Jim Paulsen, stratège en chef des investissements chez The Leuthold Group, fait partie des rares optimistes.

Il dit que la Fed “a une réelle chance de réaliser un atterrissage en douceur” car les effets décalés de son resserrement à ce jour réduiront l’inflation. Mais c’est à condition qu’il ne marche pas trop loin.

“Tout ce que la Fed doit faire pour profiter d’un atterrissage en douceur est de se retirer après avoir relevé le taux des fonds à 3,25%, de permettre à la croissance du PIB réel de rester positive et de prendre tout le crédit alors que l’inflation diminue alors que la croissance réelle persiste”, a écrit Paulsen.

Le plus gros problème, cependant, est que la plupart des répondants ne voient pas la Fed réussir à atteindre son objectif d’inflation de 2 % avant plusieurs années.

Les répondants prévoient que l’indice des prix à la consommation terminera l’année à un taux de 6,8 % d’une année sur l’autre, en baisse par rapport au niveau actuel de 8,3 %, et chutera encore à 3,6 % en 2023.

Ce n’est qu’en 2024 qu’une majorité prévoit que la Fed atteindra son objectif.

Ailleurs dans l’enquête, plus de 80% des répondants ont déclaré qu’ils n’avaient apporté aucun changement à leurs prévisions d’inflation pour cette année ou la prochaine en raison de la loi sur la réduction de l’inflation.

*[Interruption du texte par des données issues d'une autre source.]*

lemma bij_betw_triple_of:
  assumes "S \<in> card_subsets {..<n} k" and "0 < a"
  shows "bij_betw triple_of (nonzero_decompositions n a c S) (Psi_index_on n k a c S)"
  using triple_of_mem_Psi_index_on_iff[OF assms]
  by (intro bij_betw_byWitness[where f' = labels_of]) (auto, metis triple_of_labels_of)

lemma finite_nonzero_decompositions:
  assumes "S \<subseteq> {..<n}"
  shows "finite (nonzero_decompositions n a c S)"
proof -
  have "finite (decompositions (factors n S) (factor_exp n) (ct_exp n a c))"
    using factor_exp_ok[OF assms] finite_subset[OF assms]
    by (intro finite_decompositions) (auto simp: factors_def)
  then show ?thesis
    unfolding nonzero_decompositions_def by (rule finite_subset[rotated]) auto
qed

En attendant, les actions semblent être dans une situation très difficile.

Les répondants ont réduit leurs perspectives moyennes pour 2022 pour le S&P 500 pour la sixième enquête consécutive. Ils voient maintenant l’indice des grandes capitalisations terminer l’année à 3 953, soit environ 1,4 % au-dessus de la clôture de lundi. L’indice devrait atteindre 4 310 d’ici la fin de 2023.

Dans le même temps, la plupart pensent que les marchés ont des prix plus raisonnables qu’ils ne l’étaient pendant la majeure partie de la pandémie de Covid.

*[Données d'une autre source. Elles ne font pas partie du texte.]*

lemma edge_values_image:
  "edge_values ` {y \<in> milef_polyhedron. \<forall>r<card V. in_degrees y r \<in> \<int>} = matching_relaxation_int V E"
proof (intro equalityI subsetI)
  fix x assume "x \<in> edge_values ` {y \<in> milef_polyhedron. \<forall>r<card V. in_degrees y r \<in> \<int>}"
  then obtain y where y: "y \<in> milef_polyhedron" "\<forall>r<card V. in_degrees y r \<in> \<int>"
    and x: "x = edge_values y" by blast
  have "\<forall>v\<in>V. sum x (delta_in E v) \<in> \<int>"
    using y(2) in_degrees_apply ball_enumeration[OF gv] by (simp add: x)
  moreover have "0 \<le> x e" if "e \<in> E" for e
    using y(1) that by (simp add: mem_milef_polyhedron_iff x)
  moreover have "sum x (delta E v) \<le> 1" if "v \<in> V" for v
    using y(1) that by (simp add: mem_milef_polyhedron_iff x)
  moreover have "x e = 0" if "e \<notin> E" for e
    using that by (simp add: x edge_values_apply)
  ultimately show "x \<in> matching_relaxation_int V E"
    by (simp add: matching_relaxation_int_def)
next
  fix x assume x: "x \<in> matching_relaxation_int V E"
  define y where "y j = (if j < card E then x (ge j) else 0)" for j
  have "edge_values y = x"
    using edge_index matching_relaxation_intD(1)[OF x] by (auto simp: edge_values_apply y_def)
  moreover have "y \<in> milef_polyhedron"
    using matching_relaxation_intD(2,3)[OF x] \<open>edge_values y = x\<close>
    by (simp add: mem_milef_polyhedron_iff Rsp_def y_def)
  moreover have "\<forall>r<card V. in_degrees y r \<in> \<int>"
  proof -
    have "\<forall>v\<in>V. sum x (delta_in E v) \<in> \<int>" using matching_relaxation_intD(4)[OF x] by blast
    then show ?thesis using in_degrees_apply \<open>edge_values y = x\<close> ball_enumeration[OF gv] by simp
  qed
  ultimately show "x \<in> edge_values ` {y \<in> milef_polyhedron. \<forall>r<card V. in_degrees y r \<in> \<int>}"
    by blast
qed

lemma milef_polyhedron_shape:
  shows "polyhedron_in (card E) milef_polyhedron" and "affine_to_Rk (card E) (card V) in_degrees"
    and "affine_to_RE (card E) E edge_values" and "num_facets milef_polyhedron \<le> card E + card V"
proof -
  show "polyhedron_in (card E) milef_polyhedron"
    unfolding polyhedron_in_def milef_polyhedron_def
    by (intro exI[of _ "card E + card V"] exI[of _ constraint_matrix] exI[of _ constraint_rhs]) (rule refl)
  show "affine_to_Rk (card E) (card V) in_degrees"
    unfolding affine_to_Rk_def in_degrees_def
    by (intro exI[of _ "\<lambda>r. incidence (delta_in E (gv r))"] exI[of _ "\<lambda>_. 0"]) (simp add: fun_eq_iff)
  show "affine_to_RE (card E) E edge_values"
    unfolding affine_to_RE_def edge_values_def
    by (intro exI[of _ "\<lambda>e. incidence {e}"] exI[of _ "\<lambda>_. 0"]) (simp add: fun_eq_iff)
  show "num_facets milef_polyhedron \<le> card E + card V"
    unfolding milef_polyhedron_def by (rule num_facets_le)
qed

end

lemma relaxation_MILEF:
  fixes E :: "('a \<times> 'a) set"
  assumes "finite V" and "finite E"
  obtains l Q \<sigma> \<pi> where "polyhedron_in l Q" and "affine_to_Rk l (card V) \<sigma>"
    and "affine_to_RE l E \<pi>" and "\<pi> ` {y \<in> Q. \<forall>i<card V. \<sigma> y i \<in> \<int>} = matching_relaxation_int V E"
    and "num_facets Q \<le> card E + card V"
proof -
  obtain ge where "bij_betw ge {..<card E} E"
    using ex_bij_betw_nat_finite[OF \<open>finite E\<close>] by (auto simp: atLeast0LessThan)
  moreover obtain gv where "bij_betw gv {..<card V} V"
    using ex_bij_betw_nat_finite[OF \<open>finite V\<close>] by (auto simp: atLeast0LessThan)
  ultimately interpret enumerated_graph V E ge gv by unfold_locales
  show ?thesis
    by (rule that[OF milef_polyhedron_shape(1-3) edge_values_image milef_polyhedron_shape(4)])
qed

lemma matching_polytope_MILEF:
  assumes G: "oriented_simple_graph V E"
  shows "\<exists>l Q \<sigma> \<pi>. is_MILEF E (matching_polytope E) l Q (card V) \<sigma> \<pi> \<and>
           real (num_facets Q) \<le> 2 * real (card V) ^ 2"
proof -
  note G' = oriented_simple_graphD[OF G]
  obtain l Q \<sigma> \<pi> where milef: "polyhedron_in l Q" "affine_to_Rk l (card V) \<sigma>" "affine_to_RE l E \<pi>"
    "\<pi> ` {y \<in> Q. \<forall>i<card V. \<sigma> y i \<in> \<int>} = matching_relaxation_int V E"
    and facets: "num_facets Q \<le> card E + card V"
    by (rule relaxation_MILEF[OF G'(1,3)])
  have "card E \<le> card V ^ 2"
    using card_mono[OF _ G'(2)] G'(1) by (simp add: card_cartesian_product power2_eq_square)
  moreover have "card V \<le> card V ^ 2" by (simp add: power2_eq_square)
  ultimately have "real (num_facets Q) \<le> 2 * real (card V) ^ 2"
    using facets by (simp flip: of_nat_power)
  moreover have "is_MILEF E (matching_polytope E) l Q (card V) \<sigma> \<pi>"
    using milef matching_polytope_eq_hull_relaxation[OF G] by (simp add: is_MILEF_def)
  ultimately show ?thesis by blast
qed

Environ la moitié disent que les cours des actions sont trop élevés par rapport aux perspectives de bénéfices et de l’économie, et la moitié disent qu’ils sont trop bas ou à peu près corrects.

Pendant la pandémie, au moins 70 % des personnes interrogées ont déclaré que les cours des actions étaient trop élevés dans presque toutes les enquêtes.

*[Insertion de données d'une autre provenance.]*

(* Let $m$ be an integer with $m \equiv 3 \pmod 4$ and $m \ge 3$, and let $n = 3^m - 1$. Then: (i) the ternary cyclic code $\mathcal{C}_{(0,3,m)}$ has length $n$ and dimension $n/2$, and the ternary cyclic code $\mathcal{C}_{(1,2,m)}$ has length $n$ and dimension $(n+2)/2$; (ii) the ternary cyclic code $\mathcal{C}_{(2,3,m)}$ has length $n$ and dimension $n/2$, and the ternary cyclic code $\mathcal{C}_{(0,1,m)}$ has length $n$ and dimension $(n+2)/2$.
   Context: Let $m \ge 2$ be an integer, $n = 3^m-1$, and let $\alpha$ be a primitive element of $\mathbb{F}_{3^m}$. For an integer $0 \le j \le n-1$ with $3$-adic expansion $j = \sum_{t=0}^{m-1} j_t 3^t$, $j_t \in \{0,1,2\}$, let $w_3(j) = \sum_{t=0}^{m-1} j_t$ (the $3$-weight of $j$). For distinct $i_1, i_2 \in \{0,1,2,3\}$ let $T_{(i_1,i_2,m)} = \{1 \le j \le n-1 : w_3(j) \equiv i_1 \text{ or } i_2 \pmod 4\}$ and $g_{(i_1,i_2,m)}(x) = \prod_{j \in T_{(i_1,i_2,m)}} (x - \alpha^j)$, which lies in $\mathbb{F}_3[x]$. $\mathcal{C}_{(i_1,i_2,m)}$ denotes the ternary cyclic code of length $n$ with generator polynomial $g_{(i_1,i_2,m)}(x)$, i.e. the ideal generated by $g_{(i_1,i_2,m)}(x)$ in $\mathbb{F}_3[x]/(x^n-1)$. *)

theory Defs
  imports "HOL-Computational_Algebra.Polynomial"
begin

definition w3 :: "nat \<Rightarrow> nat \<Rightarrow> nat" where
  "w3 m j = (\<Sum>t<m. (j div 3 ^ t) mod 3)"

definition T_set :: "nat \<Rightarrow> nat \<Rightarrow> nat \<Rightarrow> nat set" where
  "T_set i1 i2 m = {j. 1 \<le> j \<and> j \<le> (3 ^ m - 1) - 1 \<and>
                       (w3 m j mod 4 = i1 \<or> w3 m j mod 4 = i2)}"

definition primitive_element :: "'a::field \<Rightarrow> bool" where
  "primitive_element \<alpha> \<longleftrightarrow> (\<forall>x. x \<noteq> 0 \<longrightarrow> (\<exists>j. x = \<alpha> ^ j))"

definition gen_poly :: "'a::field \<Rightarrow> nat \<Rightarrow> nat \<Rightarrow> nat \<Rightarrow> 'a poly" where
  "gen_poly \<alpha> i1 i2 m = (\<Prod>j\<in>T_set i1 i2 m. [:- (\<alpha> ^ j), 1:])"

(* the prime subfield F_3 inside a field of characteristic 3 is the image of of_nat;
   a polynomial lies in F_3[x] iff all its coefficients lie there *)
definition prime_subfield_poly :: "'a::field poly \<Rightarrow> bool" where
  "prime_subfield_poly p \<longleftrightarrow> (\<forall>i. coeff p i \<in> range of_nat)"

(* The cyclic code of length n generated by g: the ideal (g) in F_3[x]/(x^n - 1),
   elements represented by their canonical representatives of degree < n. *)
definition cyclic_code :: "nat \<Rightarrow> 'a::field poly \<Rightarrow> 'a poly set" where
  "cyclic_code n g = {c. prime_subfield_poly c \<and>
      (\<exists>q. prime_subfield_poly q \<and> c = (q * g) mod (monom 1 n - 1))}"

(* A ternary linear code C has length n (codewords are residues mod x^n - 1, i.e.
   polynomials of degree < n) and dimension k, i.e. |C| = 3^k. *)
definition ternary_code_params :: "'a::field poly set \<Rightarrow> nat \<Rightarrow> nat \<Rightarrow> bool" where
  "ternary_code_params C n k \<longleftrightarrow>
     (\<forall>c\<in>C. c = 0 \<or> degree c < n) \<and> finite C \<and> card C = 3 ^ k"
definition fut_timelike_curve ::
  "('m::topological_space, 'n::finite) chart set \<Rightarrow> (('m, 'n) chart \<Rightarrow> real^'n \<Rightarrow> real^'n^'n)
    \<Rightarrow> (('m, 'n) chart \<Rightarrow> real^'n \<Rightarrow> real^'n) \<Rightarrow> (real \<Rightarrow> 'm) \<Rightarrow> 'm \<Rightarrow> 'm \<Rightarrow> bool" where
  "fut_timelike_curve A G X \<gamma> a b \<longleftrightarrow>
     continuous_on {0..1} \<gamma> \<and> \<gamma> 0 = a \<and> \<gamma> 1 = b \<and>
     (\<forall>c\<in>A. \<exists>\<gamma>'. continuous_on {t\<in>{0..1}. \<gamma> t \<in> fst c} \<gamma>' \<and>
        (\<forall>t\<in>{t\<in>{0..1}. \<gamma> t \<in> fst c}.
           ((snd c \<circ> \<gamma>) has_vector_derivative \<gamma>' t) (at t within {t\<in>{0..1}. \<gamma> t \<in> fst c}) \<and>
           gform (G c (snd c (\<gamma> t))) (\<gamma>' t) (\<gamma>' t) < 0 \<and>
           gform (G c (snd c (\<gamma> t))) (\<gamma>' t) (X c (snd c (\<gamma> t))) < 0))"

definition chron ::
  "('m::topological_space, 'n::finite) chart set \<Rightarrow> (('m, 'n) chart \<Rightarrow> real^'n \<Rightarrow> real^'n^'n)
    \<Rightarrow> (('m, 'n) chart \<Rightarrow> real^'n \<Rightarrow> real^'n) \<Rightarrow> 'm \<Rightarrow> 'm \<Rightarrow> bool" where
  "chron A G X a b \<longleftrightarrow> (\<exists>\<gamma>. fut_timelike_curve A G X \<gamma> a b)"

definition Ifut where "Ifut A G X x = {b. chron A G X x b}"
definition Ipast where "Ipast A G X x = {b. chron A G X b x}"

definition down_set where
  "down_set A G X U = interior {c. \<forall>u\<in>U. chron A G X c u}"
definition up_set where
  "up_set A G X U = interior {c. \<forall>u\<in>U. chron A G X u c}"

end

(* The key fact is that the interior of the closure of I^-(x) lies in I^-(x). Let p be in that
   interior and use a chart around p, with coordinates a at p. Future timelike vectors form an open
   convex cone that depends continuously on the base point. Since I^-(x) is dense near p, some point b
   of I^-(x) has coordinates close to a + delta X(a); let beta be a future timelike curve from b to x.
   On a short interval [0, tau] replace beta by s |-> beta s - (1 - s/tau)^2 (b - a): this curve
   starts at p, and for small tau its velocity beta' s + 2 (1 - s/tau)/tau (b - a) stays future
   timelike. Hence p << x.
   The down set of I^+(x) is open, so if it lay in the closure of I^-(x) it would lie in I^-(x).
   Reversing the time orientation exchanges I^+ and I^-, which gives the dual statement. *)

theory Submission
  imports Defs
begin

Le rapport risque/récompense CNBC — qui mesure la probabilité d’une correction à la hausse de 10 % moins la baisse au cours des six prochains mois — est plus proche de la zone neutre à -5. Il a été de -9 à -14 pendant la majeure partie de l’année écoulée.

L’économie américaine devrait tourner au ralenti cette année et la prochaine avec seulement 0,5 % de croissance prévue en 2022 et peu d’amélioration prévue pour 2023, où la prévision du PIB moyen n’est que de 1,1 %.

Cela signifie qu’au moins deux ans de croissance inférieure à la tendance sont désormais le cas le plus probable.

Mark Zandi, économiste en chef chez Moody’s Analytics, a écrit : “Il existe de nombreux scénarios potentiels pour les perspectives économiques, mais quel que soit le scénario, l’économie connaîtra des difficultés au cours des 12 à 18 prochains mois”.

Le taux de chômage, maintenant à 3,7, devrait grimper à 4,4 % l’an prochain. Bien qu’il soit encore faible par rapport aux normes historiques, il est rare que le taux de chômage augmente de 1 point de pourcentage en dehors d’une récession. La plupart des économistes ont déclaré que les États-Unis ne sont pas en récession actuellement.